IFF (NYSE: IFF) has announced the approval of employment inducement awards for J. Erik Fyrwald, the Chief Executive Officer, and Board of Directors member. The decision was made by the Company’s Board of Directors on January 9, 2024, with a grant date set for March 1, 2024. These awards serve as a significant inducement for Mr. Fyrwald to accept the employment offer, utilizing the employment inducement award exception to New York Stock Exchange Listing Rule 303A.08, which mandates shareholder approval for equity-based compensation plans and requires the public announcement of such awards.

The employment inducement awards include a target of 68,750 performance share units (with a maximum award of 171,875) and 56,250 restricted stock units. The performance share units are contingent upon meeting specific performance targets outlined in the award agreement, including dividend-adjusted ending stock price, three-year absolute total shareholder return, and relative total shareholder return. The vesting of the restricted stock units is set for the three-year anniversary of the grant date, with a combined maximum potential payout of 228,125 shares. Performance metrics for the performance share units will be calculated based on the average closing price for the 20 consecutive trading days preceding each of the grant date and the end of the three-year performance period (March 1, 2027).

The awards are subject to continued or accelerated vesting under certain termination of employment events and specific Company transactions, as detailed in the equity award agreements filed with the SEC on February 29, 2024, as exhibits to the Company’s Registration Statement on Form S-8 registering the common stock subject to the Inducement Awards.

These awards are granted outside of the Company’s shareholder-approved equity compensation plans but generally adhere to the same terms and conditions as awards granted under the Company’s 2021 Stock Award and Incentive Plan.
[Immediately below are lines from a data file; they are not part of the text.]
(* In the setting of the augmented system below (with $r=m$, $\phi$ of relative degree $\rho$, $\Omega_g$ invertible everywhere, and $\phi_k(t_0,x_0)<0$ for all $k$), let $\beta>0$, $T>t_0$ and let $\xi:[t_0,T]\to\mathbb{R}^r$ be any measurable function. If the augmented system driven by $w(t)=s_\beta(\xi(t))$ has an absolutely continuous solution $(x(t),\tilde z(t))$ on $[t_0,T]$, then $\phi(t,x(t))\le0$ for all $t\in[t_0,T]$; in particular this holds when $\xi$ is the state of an integrator $\dot\xi=\tilde w$ and the original system is driven by $u(t)=-\Omega_g^{-1}(t,x(t))\big(\Omega_f+D(z(t))s_\beta(\xi(t))\big)$.
   Context: Setting: $f,g$ smooth, original system $\dot x=f(t,x)+g(t,x)u$, time-varying Lie derivatives $L_f^0\psi=\psi$, $L_f^j\psi=\frac{\partial L_f^{j-1}\psi}{\partial x}f+\frac{\partial L_f^{j-1}\psi}{\partial t}$, $L_gL_f^j\psi=\frac{\partial L_f^j\psi}{\partial x}g$. Relative degree $\rho$ of $\phi\in C^\infty([t_0,\infty)\times\mathbb{R}^n,\mathbb{R}^r)$: $L_gL_f^i\phi_k\equiv0$ for $i\le\rho_k-2$ and $L_gL_f^{\rho_k-1}\phi_k\ne0$ everywhere. $\Omega_g$ has $k$-th row $L_gL_f^{\rho_k-1}\phi_k$; $S_{k,i-1}=\tfrac12\sum_{j=1}^{i-1}\binom{i}{j}z_k^{(i-j)}z_k^{(j)}$; $\Omega_f$ has $k$-th entry $S_{k,\rho_k-1}+L_f^{\rho_k}\phi_k$; $D(z)=\mathrm{diag}(z_1,\dots,z_r)$. Augmented system: state $(x,\tilde z)$, $\tilde z=(z_k^{(j)})_{k\le r,\,0\le j\le\rho_k-1}$, dynamics $\dot x=f+gu$ with $u=-\Omega_g^{-1}(\Omega_f+D(z)w)$, $\frac{d}{dt}z_k^{(j)}=z_k^{(j+1)}$ ($j\le\rho_k-2$), $\frac{d}{dt}z_k^{(\rho_k-1)}=w_k$; initial conditions $x(t_0)=x_0$, $z_k(t_0)=\sqrt{-2\phi_k(t_0,x_0)}$, $z_k^{(i)}(t_0)=-(L_f^i\phi_k(t_0,x_0)+S_{k,i-1}(t_0))/z_k(t_0)$. The saturation $s_\beta:\mathbb{R}^r\to[-\beta,\beta]^r$ acts componentwise as $s_{\beta,i}(\xi)=2\beta\big(\frac{1}{e^{-\xi_i}+1}-\tfrac12\big)$. *)

theory Defs
  imports "HOL-Analysis.Analysis"
begin

text \<open>For finite-dimensional
spaces this is exactly C-infinity on S (one-sided derivatives at boundary points).\<close>

coinductive smooth_on :: "'a::real_normed_vector set \<Rightarrow> ('a \<Rightarrow> 'b::real_normed_vector) \<Rightarrow> bool"
  where
  "(\<forall>p\<in>S. h differentiable (at p within S)) \<Longrightarrow>
   (\<forall>v. smooth_on S (\<lambda>p. frechet_derivative h (at p within S) v)) \<Longrightarrow> smooth_on S h"

definition dom_set :: "real \<Rightarrow> (real \<times> (real^'n)) set" where
  "dom_set t0 = {t0..} \<times> UNIV"

text \<open>L_f psi = (d psi / dx) f + d psi / dt, i.e. the derivative of (t,x) |-> psi t x in
the direction (1, f t x).\<close>
definition lie_f :: "real \<Rightarrow> (real \<Rightarrow> real^'n \<Rightarrow> real^'n)
    \<Rightarrow> (real \<Rightarrow> real^'n \<Rightarrow> real) \<Rightarrow> real \<Rightarrow> real^'n \<Rightarrow> real" where
  "lie_f t0 f \<psi> t x =
     frechet_derivative (\<lambda>p. \<psi> (fst p) (snd p)) (at (t, x) within dom_set t0) (1, f t x)"

definition lie_f_iter :: "real \<Rightarrow> (real \<Rightarrow> real^'n \<Rightarrow> real^'n) \<Rightarrow> nat
    \<Rightarrow> (real \<Rightarrow> real^'n \<Rightarrow> real) \<Rightarrow> real \<Rightarrow> real^'n \<Rightarrow> real" where
  "lie_f_iter t0 f j = (lie_f t0 f ^^ j)"

definition lie_g :: "real \<Rightarrow> (real \<Rightarrow> real^'n \<Rightarrow> real^'m^'n)
    \<Rightarrow> (real \<Rightarrow> real^'n \<Rightarrow> real) \<Rightarrow> real \<Rightarrow> real^'n \<Rightarrow> real^'m" where
  "lie_g t0 g \<psi> t x = (\<chi> i.
     frechet_derivative (\<lambda>p. \<psi> (fst p) (snd p)) (at (t, x) within dom_set t0) (0, column i (g t x)))"

definition comp_fun :: "(real \<Rightarrow> real^'n \<Rightarrow> real^'m) \<Rightarrow> 'm \<Rightarrow> real \<Rightarrow> real^'n \<Rightarrow> real" where
  "comp_fun \<phi> k t x = \<phi> t x $ k"

definition has_relative_degree :: "real \<Rightarrow> (real \<Rightarrow> real^'n \<Rightarrow> real^'n)
    \<Rightarrow> (real \<Rightarrow> real^'n \<Rightarrow> real^'m^'n) \<Rightarrow> (real \<Rightarrow> real^'n \<Rightarrow> real^'m) \<Rightarrow> ('m \<Rightarrow> nat) \<Rightarrow> bool" where
  "has_relative_degree t0 f g \<phi> \<rho> \<longleftrightarrow>
     (\<forall>k. 1 \<le> \<rho> k
        \<and> (\<forall>i. i + 2 \<le> \<rho> k \<longrightarrow>
              (\<forall>(t, x) \<in> dom_set t0. lie_g t0 g (lie_f_iter t0 f i (comp_fun \<phi> k)) t x = 0))
        \<and> (\<forall>(t, x) \<in> dom_set t0. lie_g t0 g (lie_f_iter t0 f (\<rho> k - 1) (comp_fun \<phi> k)) t x \<noteq> 0))"

text \<open>The augmented state z~ is represented by zt :: 'm => nat => real, with zt k j = z_k^(j);
only the entries j < rho k are meaningful.\<close>

text \<open>S_sum zt k i = S_{k,i-1} = 1/2 * sum_{j=1}^{i-1} (i choose j) z_k^(i-j) z_k^(j)\<close>
definition S_sum :: "('m \<Rightarrow> nat \<Rightarrow> real) \<Rightarrow> 'm \<Rightarrow> nat \<Rightarrow> real" where
  "S_sum zt k i = (1/2) * (\<Sum>j\<in>{1..i-1}. real (i choose j) * zt k (i - j) * zt k j)"

definition Omega_g :: "real \<Rightarrow> (real \<Rightarrow> real^'n \<Rightarrow> real^'n) \<Rightarrow> (real \<Rightarrow> real^'n \<Rightarrow> real^'m^'n)
    \<Rightarrow> (real \<Rightarrow> real^'n \<Rightarrow> real^'m) \<Rightarrow> ('m \<Rightarrow> nat) \<Rightarrow> real \<Rightarrow> real^'n \<Rightarrow> real^'m^'m" where
  "Omega_g t0 f g \<phi> \<rho> t x =
     (\<chi> k. lie_g t0 g (lie_f_iter t0 f (\<rho> k - 1) (comp_fun \<phi> k)) t x)"

definition Omega_f :: "real \<Rightarrow> (real \<Rightarrow> real^'n \<Rightarrow> real^'n)
    \<Rightarrow> (real \<Rightarrow> real^'n \<Rightarrow> real^'m) \<Rightarrow> ('m \<Rightarrow> nat) \<Rightarrow> real \<Rightarrow> real^'n \<Rightarrow> ('m \<Rightarrow> nat \<Rightarrow> real) \<Rightarrow> real^'m" where
  "Omega_f t0 f \<phi> \<rho> t x zt =
     (\<chi> k. S_sum zt k (\<rho> k) + lie_f_iter t0 f (\<rho> k) (comp_fun \<phi> k) t x)"

definition D_mult :: "('m \<Rightarrow> nat \<Rightarrow> real) \<Rightarrow> real^'m \<Rightarrow> real^'m" where
  "D_mult zt w = (\<chi> k. zt k 0 * w $ k)"

definition aug_control :: "real \<Rightarrow> (real \<Rightarrow> real^'n \<Rightarrow> real^'n) \<Rightarrow> (real \<Rightarrow> real^'n \<Rightarrow> real^'m^'n)
    \<Rightarrow> (real \<Rightarrow> real^'n \<Rightarrow> real^'m) \<Rightarrow> ('m \<Rightarrow> nat) \<Rightarrow> real \<Rightarrow> real^'n \<Rightarrow> ('m \<Rightarrow> nat \<Rightarrow> real)
    \<Rightarrow> real^'m \<Rightarrow> real^'m" where
  "aug_control t0 f g \<phi> \<rho> t x zt w =
     - (matrix_inv (Omega_g t0 f g \<phi> \<rho> t x) *v (Omega_f t0 f \<phi> \<rho> t x zt + D_mult zt w))"

definition sat :: "real \<Rightarrow> real^'m \<Rightarrow> real^'m" where
  "sat \<beta> \<xi> = (\<chi> i. 2 * \<beta> * (1 / (exp (- (\<xi> $ i)) + 1) - 1/2))"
The press release includes a cautionary statement under the Private Securities Litigation Reform Act of 1995, emphasizing the forward-looking nature of statements made regarding expected future business and financial performance, conditions, and the proposed transaction. The forward-looking statements are accurate as of the release date, and the Company undertakes no obligation to update them to reflect subsequent events or circumstances.